**Source material**
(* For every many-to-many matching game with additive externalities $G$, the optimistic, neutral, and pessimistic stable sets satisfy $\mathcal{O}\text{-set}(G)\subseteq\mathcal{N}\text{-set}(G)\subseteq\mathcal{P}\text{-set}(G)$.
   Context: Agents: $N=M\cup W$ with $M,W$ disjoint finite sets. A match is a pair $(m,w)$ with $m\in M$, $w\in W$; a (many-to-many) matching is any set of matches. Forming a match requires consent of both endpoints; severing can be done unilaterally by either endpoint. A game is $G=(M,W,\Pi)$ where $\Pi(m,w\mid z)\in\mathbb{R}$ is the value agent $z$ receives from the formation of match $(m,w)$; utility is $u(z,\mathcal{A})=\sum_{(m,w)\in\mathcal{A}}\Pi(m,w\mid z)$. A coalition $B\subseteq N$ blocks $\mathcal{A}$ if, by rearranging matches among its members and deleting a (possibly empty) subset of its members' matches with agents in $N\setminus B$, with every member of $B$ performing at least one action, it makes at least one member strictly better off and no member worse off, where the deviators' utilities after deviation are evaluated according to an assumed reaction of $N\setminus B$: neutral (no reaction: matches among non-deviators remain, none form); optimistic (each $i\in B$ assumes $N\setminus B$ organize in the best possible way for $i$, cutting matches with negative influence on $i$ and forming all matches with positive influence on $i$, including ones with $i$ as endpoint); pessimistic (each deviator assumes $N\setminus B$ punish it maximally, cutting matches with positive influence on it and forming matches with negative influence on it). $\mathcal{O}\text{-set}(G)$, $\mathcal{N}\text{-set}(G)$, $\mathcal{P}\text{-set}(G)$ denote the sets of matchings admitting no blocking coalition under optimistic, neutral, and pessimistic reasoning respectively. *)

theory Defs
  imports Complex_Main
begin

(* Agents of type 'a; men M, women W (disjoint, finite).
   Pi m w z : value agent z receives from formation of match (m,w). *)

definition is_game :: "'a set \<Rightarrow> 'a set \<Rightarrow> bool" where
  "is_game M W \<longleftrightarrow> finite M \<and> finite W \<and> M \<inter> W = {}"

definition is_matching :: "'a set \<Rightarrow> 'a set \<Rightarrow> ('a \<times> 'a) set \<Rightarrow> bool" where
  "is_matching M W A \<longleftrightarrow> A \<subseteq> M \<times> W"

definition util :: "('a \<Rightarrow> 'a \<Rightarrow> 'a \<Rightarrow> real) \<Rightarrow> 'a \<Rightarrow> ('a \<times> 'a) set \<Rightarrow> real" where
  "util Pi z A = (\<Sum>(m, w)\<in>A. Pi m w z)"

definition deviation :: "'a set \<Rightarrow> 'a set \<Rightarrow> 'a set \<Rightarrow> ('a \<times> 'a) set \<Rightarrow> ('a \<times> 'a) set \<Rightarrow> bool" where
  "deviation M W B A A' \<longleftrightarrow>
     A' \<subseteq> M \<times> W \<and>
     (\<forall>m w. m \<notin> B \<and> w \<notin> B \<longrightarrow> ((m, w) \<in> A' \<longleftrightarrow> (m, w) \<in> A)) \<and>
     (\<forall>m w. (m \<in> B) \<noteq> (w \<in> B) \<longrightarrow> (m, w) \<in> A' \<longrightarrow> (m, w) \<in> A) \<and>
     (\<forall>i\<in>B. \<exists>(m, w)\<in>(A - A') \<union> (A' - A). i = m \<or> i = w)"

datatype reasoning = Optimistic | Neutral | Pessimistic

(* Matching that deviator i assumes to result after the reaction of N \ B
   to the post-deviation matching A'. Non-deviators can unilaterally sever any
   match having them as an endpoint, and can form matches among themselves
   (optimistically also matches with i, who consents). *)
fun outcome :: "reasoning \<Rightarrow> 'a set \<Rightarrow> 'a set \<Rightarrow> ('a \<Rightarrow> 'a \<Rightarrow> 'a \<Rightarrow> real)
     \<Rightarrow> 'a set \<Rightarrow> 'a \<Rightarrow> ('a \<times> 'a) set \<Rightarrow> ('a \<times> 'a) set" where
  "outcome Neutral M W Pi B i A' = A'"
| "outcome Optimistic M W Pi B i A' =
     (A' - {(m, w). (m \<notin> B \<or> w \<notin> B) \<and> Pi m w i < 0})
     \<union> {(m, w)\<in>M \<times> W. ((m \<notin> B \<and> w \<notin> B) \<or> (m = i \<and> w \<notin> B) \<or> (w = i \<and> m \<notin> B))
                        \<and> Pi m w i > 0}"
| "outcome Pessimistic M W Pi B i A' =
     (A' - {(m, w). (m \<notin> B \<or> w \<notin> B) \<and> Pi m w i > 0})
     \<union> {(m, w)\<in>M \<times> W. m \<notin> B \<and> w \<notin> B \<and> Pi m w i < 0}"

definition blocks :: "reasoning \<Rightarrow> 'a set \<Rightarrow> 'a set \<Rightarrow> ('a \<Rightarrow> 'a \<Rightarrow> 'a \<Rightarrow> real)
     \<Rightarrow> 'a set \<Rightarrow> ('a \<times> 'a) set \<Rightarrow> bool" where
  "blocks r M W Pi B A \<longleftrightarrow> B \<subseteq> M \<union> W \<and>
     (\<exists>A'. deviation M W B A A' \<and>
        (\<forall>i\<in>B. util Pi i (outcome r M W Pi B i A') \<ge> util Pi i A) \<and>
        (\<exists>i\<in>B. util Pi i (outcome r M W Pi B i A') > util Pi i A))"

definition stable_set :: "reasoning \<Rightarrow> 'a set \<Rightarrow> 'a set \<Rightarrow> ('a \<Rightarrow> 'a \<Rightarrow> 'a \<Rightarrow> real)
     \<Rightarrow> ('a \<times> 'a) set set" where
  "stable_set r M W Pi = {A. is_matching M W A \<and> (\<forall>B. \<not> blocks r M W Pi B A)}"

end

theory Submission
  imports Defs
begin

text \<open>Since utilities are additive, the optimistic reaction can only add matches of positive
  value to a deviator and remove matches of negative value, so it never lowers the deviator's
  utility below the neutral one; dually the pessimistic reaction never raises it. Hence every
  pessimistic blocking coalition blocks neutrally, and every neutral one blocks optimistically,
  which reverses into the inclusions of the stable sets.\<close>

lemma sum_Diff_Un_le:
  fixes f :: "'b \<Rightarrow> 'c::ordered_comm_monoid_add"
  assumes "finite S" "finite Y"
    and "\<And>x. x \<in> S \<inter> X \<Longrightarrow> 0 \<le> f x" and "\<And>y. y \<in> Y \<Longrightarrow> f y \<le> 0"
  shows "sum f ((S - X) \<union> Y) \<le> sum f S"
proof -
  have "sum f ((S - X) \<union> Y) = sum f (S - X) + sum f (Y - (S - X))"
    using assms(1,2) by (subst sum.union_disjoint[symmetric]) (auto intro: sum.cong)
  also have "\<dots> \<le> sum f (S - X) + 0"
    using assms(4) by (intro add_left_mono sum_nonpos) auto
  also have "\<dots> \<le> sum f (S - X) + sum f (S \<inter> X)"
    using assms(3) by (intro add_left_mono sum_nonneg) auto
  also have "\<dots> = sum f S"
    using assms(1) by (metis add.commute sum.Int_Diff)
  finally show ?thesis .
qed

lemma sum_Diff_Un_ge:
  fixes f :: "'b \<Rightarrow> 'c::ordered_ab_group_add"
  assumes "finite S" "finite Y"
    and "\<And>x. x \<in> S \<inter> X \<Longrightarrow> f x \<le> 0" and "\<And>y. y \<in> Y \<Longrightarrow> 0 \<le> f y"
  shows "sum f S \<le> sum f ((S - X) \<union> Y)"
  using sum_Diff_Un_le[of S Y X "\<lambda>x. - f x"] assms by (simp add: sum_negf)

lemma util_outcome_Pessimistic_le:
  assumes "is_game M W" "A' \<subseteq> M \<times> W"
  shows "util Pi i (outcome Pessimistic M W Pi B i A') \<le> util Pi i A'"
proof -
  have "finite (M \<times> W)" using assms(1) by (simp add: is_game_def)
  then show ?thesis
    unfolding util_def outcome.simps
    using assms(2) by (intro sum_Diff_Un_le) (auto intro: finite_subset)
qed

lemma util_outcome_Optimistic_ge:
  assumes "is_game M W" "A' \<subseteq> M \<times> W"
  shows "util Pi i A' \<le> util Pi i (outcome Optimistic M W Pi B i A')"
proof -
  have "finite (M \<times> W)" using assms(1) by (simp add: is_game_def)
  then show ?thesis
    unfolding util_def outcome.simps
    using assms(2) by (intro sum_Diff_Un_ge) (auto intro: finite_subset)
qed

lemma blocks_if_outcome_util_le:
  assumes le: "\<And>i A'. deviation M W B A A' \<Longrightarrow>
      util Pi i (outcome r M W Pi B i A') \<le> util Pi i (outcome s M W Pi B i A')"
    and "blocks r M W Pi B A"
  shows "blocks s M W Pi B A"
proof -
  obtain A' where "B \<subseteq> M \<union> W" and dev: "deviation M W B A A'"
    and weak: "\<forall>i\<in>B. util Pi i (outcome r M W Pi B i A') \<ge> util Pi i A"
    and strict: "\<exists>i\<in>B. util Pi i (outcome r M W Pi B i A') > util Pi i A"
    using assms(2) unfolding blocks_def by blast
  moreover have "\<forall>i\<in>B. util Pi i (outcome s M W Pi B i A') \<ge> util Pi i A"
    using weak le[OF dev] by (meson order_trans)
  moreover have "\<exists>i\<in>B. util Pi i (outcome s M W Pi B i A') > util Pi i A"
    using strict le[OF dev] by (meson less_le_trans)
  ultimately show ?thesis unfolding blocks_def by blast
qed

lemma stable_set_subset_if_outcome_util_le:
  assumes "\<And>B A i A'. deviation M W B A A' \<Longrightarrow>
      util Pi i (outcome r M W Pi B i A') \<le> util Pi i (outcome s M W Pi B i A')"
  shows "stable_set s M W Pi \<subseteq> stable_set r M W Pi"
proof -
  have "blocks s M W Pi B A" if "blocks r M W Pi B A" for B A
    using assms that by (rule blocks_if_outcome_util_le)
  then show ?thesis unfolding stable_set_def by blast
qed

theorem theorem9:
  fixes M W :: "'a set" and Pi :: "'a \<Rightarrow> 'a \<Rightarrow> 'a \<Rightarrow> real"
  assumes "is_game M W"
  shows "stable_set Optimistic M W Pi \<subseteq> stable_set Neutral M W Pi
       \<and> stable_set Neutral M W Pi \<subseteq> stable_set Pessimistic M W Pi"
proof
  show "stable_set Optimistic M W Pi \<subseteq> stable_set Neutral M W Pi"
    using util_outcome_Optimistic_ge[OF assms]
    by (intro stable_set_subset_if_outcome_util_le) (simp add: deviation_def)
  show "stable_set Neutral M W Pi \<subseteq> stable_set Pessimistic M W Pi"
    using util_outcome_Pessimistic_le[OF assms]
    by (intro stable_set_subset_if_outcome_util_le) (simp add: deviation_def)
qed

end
--
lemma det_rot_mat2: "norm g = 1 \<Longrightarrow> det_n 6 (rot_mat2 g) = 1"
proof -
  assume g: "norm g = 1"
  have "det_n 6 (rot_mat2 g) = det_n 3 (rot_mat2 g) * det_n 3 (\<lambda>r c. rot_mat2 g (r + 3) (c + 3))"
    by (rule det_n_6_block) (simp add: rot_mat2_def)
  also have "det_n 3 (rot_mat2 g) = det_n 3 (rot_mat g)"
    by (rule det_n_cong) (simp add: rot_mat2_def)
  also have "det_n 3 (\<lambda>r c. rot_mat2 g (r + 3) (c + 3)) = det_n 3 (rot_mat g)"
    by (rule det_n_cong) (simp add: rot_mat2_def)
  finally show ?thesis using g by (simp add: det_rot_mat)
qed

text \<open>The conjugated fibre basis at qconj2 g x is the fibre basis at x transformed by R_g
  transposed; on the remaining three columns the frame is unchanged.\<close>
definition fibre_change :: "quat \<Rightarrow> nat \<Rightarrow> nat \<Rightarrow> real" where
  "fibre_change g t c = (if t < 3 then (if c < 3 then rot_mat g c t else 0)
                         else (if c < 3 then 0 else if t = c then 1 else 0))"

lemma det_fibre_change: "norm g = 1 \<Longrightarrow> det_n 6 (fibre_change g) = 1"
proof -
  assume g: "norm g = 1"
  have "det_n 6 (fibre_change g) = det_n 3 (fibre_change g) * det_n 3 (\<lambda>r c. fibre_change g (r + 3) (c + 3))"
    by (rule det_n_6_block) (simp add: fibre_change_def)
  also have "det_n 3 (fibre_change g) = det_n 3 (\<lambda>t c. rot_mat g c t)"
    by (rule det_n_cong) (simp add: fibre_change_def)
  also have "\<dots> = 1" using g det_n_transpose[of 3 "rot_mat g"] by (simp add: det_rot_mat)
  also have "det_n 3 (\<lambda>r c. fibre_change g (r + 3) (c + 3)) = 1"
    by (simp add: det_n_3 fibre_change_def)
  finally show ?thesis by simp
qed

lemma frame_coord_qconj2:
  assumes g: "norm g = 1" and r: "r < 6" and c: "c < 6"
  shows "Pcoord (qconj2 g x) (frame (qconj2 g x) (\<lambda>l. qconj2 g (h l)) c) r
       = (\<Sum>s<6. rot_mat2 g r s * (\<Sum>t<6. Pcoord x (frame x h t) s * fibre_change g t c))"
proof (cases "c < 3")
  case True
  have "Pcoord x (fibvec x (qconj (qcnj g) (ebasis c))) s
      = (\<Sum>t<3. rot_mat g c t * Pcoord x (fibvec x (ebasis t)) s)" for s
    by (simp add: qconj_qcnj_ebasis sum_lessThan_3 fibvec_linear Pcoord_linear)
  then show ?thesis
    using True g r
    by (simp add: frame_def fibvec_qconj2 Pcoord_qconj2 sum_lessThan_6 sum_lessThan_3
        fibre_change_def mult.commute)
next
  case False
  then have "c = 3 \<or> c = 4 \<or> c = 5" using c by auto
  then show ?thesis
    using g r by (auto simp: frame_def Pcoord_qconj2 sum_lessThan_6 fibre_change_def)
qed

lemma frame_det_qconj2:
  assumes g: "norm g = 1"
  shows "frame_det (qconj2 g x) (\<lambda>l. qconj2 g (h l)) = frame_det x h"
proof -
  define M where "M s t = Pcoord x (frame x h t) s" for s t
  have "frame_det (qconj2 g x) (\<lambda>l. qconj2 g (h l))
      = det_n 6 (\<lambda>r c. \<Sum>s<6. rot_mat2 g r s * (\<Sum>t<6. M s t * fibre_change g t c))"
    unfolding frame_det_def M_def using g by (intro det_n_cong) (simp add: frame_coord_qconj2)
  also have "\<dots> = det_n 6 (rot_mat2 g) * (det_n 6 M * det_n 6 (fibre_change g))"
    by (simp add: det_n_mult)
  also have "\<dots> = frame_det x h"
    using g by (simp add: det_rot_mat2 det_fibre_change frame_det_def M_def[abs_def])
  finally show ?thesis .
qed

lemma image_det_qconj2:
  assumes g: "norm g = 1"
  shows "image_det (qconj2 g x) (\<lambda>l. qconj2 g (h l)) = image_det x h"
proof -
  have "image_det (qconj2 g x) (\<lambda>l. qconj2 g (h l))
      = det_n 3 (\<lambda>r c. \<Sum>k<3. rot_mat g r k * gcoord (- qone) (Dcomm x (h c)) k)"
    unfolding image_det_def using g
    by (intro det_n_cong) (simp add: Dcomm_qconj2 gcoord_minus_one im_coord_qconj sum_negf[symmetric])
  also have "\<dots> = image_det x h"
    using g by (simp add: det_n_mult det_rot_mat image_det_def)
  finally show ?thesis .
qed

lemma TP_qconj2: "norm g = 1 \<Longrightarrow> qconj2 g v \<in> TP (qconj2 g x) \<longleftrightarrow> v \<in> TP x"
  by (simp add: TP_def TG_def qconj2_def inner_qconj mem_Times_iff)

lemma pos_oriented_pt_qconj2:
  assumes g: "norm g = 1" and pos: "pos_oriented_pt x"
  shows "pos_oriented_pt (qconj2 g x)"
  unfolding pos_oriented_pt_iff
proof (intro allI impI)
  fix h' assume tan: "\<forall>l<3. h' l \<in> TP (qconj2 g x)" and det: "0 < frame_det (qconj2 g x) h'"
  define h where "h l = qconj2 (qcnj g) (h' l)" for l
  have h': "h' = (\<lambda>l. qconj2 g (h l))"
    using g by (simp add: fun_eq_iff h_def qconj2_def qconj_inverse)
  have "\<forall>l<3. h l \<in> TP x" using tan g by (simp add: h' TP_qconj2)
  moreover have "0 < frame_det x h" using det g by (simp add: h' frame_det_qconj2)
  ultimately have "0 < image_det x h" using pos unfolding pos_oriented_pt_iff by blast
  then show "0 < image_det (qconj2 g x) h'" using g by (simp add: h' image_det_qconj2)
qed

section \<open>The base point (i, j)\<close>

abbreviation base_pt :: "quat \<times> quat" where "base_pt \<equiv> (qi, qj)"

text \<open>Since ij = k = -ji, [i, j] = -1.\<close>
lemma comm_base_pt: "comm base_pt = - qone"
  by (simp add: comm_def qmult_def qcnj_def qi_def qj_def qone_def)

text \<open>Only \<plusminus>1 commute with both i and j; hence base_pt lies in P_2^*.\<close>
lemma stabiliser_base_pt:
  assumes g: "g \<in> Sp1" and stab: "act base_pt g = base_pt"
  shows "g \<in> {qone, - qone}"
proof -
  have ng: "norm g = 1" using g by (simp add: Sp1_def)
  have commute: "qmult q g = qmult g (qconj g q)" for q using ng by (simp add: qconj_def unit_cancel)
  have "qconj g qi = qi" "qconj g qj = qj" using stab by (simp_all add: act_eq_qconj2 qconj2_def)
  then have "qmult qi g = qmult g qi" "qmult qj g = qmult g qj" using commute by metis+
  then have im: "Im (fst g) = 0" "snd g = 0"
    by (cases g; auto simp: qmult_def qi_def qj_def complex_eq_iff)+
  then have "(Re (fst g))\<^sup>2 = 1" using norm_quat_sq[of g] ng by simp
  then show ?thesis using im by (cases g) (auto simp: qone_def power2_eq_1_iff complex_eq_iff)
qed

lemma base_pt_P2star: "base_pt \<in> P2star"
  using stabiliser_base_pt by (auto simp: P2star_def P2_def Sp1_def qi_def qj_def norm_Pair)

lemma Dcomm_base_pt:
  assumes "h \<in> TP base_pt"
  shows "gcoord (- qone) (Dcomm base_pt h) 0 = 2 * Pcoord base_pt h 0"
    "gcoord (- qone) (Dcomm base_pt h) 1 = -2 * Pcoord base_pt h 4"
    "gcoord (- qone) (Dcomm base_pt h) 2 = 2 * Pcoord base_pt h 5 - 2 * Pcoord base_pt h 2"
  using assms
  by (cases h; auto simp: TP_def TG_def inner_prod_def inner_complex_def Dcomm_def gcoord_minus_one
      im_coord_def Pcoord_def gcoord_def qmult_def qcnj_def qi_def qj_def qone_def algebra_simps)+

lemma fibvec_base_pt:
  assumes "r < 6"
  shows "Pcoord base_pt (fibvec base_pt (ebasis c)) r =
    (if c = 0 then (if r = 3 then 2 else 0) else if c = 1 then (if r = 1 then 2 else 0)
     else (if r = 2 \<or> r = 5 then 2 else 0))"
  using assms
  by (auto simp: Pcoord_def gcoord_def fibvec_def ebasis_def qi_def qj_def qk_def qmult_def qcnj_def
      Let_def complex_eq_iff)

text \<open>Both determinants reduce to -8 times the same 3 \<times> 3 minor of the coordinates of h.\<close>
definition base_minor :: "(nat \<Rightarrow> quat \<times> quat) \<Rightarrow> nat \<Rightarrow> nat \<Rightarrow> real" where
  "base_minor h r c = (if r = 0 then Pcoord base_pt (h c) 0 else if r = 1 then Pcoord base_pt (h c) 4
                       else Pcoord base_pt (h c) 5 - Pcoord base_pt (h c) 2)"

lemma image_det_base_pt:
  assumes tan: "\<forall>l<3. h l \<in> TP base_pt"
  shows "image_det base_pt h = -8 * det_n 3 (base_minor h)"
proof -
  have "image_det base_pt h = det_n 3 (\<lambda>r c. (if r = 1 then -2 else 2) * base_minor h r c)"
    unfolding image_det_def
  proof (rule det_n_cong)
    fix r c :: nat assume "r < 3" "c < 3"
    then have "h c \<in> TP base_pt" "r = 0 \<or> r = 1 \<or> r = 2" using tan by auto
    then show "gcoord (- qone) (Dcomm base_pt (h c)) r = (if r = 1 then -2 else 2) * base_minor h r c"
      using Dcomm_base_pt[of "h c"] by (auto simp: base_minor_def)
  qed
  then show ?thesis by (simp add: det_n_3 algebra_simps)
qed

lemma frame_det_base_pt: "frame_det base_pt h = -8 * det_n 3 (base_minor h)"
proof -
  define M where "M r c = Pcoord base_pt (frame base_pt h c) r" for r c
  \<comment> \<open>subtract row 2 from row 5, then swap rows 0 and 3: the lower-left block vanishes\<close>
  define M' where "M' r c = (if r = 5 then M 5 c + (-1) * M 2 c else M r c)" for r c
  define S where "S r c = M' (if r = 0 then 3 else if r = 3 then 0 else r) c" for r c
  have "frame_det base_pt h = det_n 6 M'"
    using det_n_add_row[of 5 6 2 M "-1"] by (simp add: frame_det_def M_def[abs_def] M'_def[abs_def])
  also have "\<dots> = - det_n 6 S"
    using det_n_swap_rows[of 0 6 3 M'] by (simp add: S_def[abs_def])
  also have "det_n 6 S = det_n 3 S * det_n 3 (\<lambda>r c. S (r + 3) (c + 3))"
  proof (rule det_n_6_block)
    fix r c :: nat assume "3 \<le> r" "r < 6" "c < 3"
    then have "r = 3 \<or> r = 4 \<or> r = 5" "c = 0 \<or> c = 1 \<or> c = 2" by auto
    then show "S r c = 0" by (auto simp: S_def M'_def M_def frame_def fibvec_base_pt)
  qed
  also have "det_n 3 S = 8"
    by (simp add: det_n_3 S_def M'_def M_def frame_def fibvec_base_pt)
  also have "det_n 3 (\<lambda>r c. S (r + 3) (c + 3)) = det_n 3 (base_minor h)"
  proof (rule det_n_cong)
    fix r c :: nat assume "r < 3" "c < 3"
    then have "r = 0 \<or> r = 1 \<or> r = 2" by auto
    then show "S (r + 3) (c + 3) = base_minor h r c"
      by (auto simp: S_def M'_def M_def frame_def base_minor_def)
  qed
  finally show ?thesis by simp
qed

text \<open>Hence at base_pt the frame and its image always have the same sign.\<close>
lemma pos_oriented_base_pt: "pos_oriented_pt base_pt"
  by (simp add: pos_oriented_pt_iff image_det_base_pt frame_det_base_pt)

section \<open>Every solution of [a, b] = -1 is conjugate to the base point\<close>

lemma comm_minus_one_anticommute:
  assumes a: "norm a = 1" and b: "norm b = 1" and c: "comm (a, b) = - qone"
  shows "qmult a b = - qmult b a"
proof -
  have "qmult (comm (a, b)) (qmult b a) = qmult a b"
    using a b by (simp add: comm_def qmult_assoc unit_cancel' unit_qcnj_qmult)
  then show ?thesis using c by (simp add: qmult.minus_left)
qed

**Exercise goal**
Beginning at the line above with "then show ?thesis by" and finishing at the line with "proof (rule det_n_6_block)", return each line exactly and return nothing else.

**Answer to this problem**
  then show ?thesis by (simp add: det_n_3 algebra_simps)
qed

lemma frame_det_base_pt: "frame_det base_pt h = -8 * det_n 3 (base_minor h)"
proof -
  define M where "M r c = Pcoord base_pt (frame base_pt h c) r" for r c
  \<comment> \<open>subtract row 2 from row 5, then swap rows 0 and 3: the lower-left block vanishes\<close>
  define M' where "M' r c = (if r = 5 then M 5 c + (-1) * M 2 c else M r c)" for r c
  define S where "S r c = M' (if r = 0 then 3 else if r = 3 then 0 else r) c" for r c
  have "frame_det base_pt h = det_n 6 M'"
    using det_n_add_row[of 5 6 2 M "-1"] by (simp add: frame_det_def M_def[abs_def] M'_def[abs_def])
  also have "\<dots> = - det_n 6 S"
    using det_n_swap_rows[of 0 6 3 M'] by (simp add: S_def[abs_def])
  also have "det_n 6 S = det_n 3 S * det_n 3 (\<lambda>r c. S (r + 3) (c + 3))"
  proof (rule det_n_6_block)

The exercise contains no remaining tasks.